_WHAT THE TASK ASKS_
Lines from the one containing "d i *\<^sub>R" through the end of the data are to be returned exactly, and no others.

Collected data entries:
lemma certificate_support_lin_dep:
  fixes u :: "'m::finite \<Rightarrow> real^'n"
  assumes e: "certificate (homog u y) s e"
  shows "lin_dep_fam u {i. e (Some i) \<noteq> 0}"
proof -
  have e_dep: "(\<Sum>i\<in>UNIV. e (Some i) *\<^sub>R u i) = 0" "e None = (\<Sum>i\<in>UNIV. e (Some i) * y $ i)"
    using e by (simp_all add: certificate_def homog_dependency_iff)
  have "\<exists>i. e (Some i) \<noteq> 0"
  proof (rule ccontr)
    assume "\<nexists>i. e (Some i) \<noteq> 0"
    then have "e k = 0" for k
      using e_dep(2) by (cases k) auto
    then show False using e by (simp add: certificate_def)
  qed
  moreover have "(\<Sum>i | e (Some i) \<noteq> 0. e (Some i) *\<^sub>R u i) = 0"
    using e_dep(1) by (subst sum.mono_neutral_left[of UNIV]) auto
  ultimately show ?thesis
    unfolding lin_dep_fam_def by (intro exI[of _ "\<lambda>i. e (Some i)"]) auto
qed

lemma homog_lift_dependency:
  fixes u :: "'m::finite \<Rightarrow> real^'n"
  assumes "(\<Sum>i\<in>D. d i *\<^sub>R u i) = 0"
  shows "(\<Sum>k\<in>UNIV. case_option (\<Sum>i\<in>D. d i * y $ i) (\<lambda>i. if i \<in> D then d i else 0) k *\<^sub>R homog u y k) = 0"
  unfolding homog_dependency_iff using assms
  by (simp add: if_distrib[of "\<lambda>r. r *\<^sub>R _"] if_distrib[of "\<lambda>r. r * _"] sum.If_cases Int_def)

_RESULT_
  assumes "(\<Sum>i\<in>D. d i *\<^sub>R u i) = 0"
  shows "(\<Sum>k\<in>UNIV. case_option (\<Sum>i\<in>D. d i * y $ i) (\<lambda>i. if i \<in> D then d i else 0) k *\<^sub>R homog u y k) = 0"
  unfolding homog_dependency_iff using assms
  by (simp add: if_distrib[of "\<lambda>r. r *\<^sub>R _"] if_distrib[of "\<lambda>r. r * _"] sum.If_cases Int_def)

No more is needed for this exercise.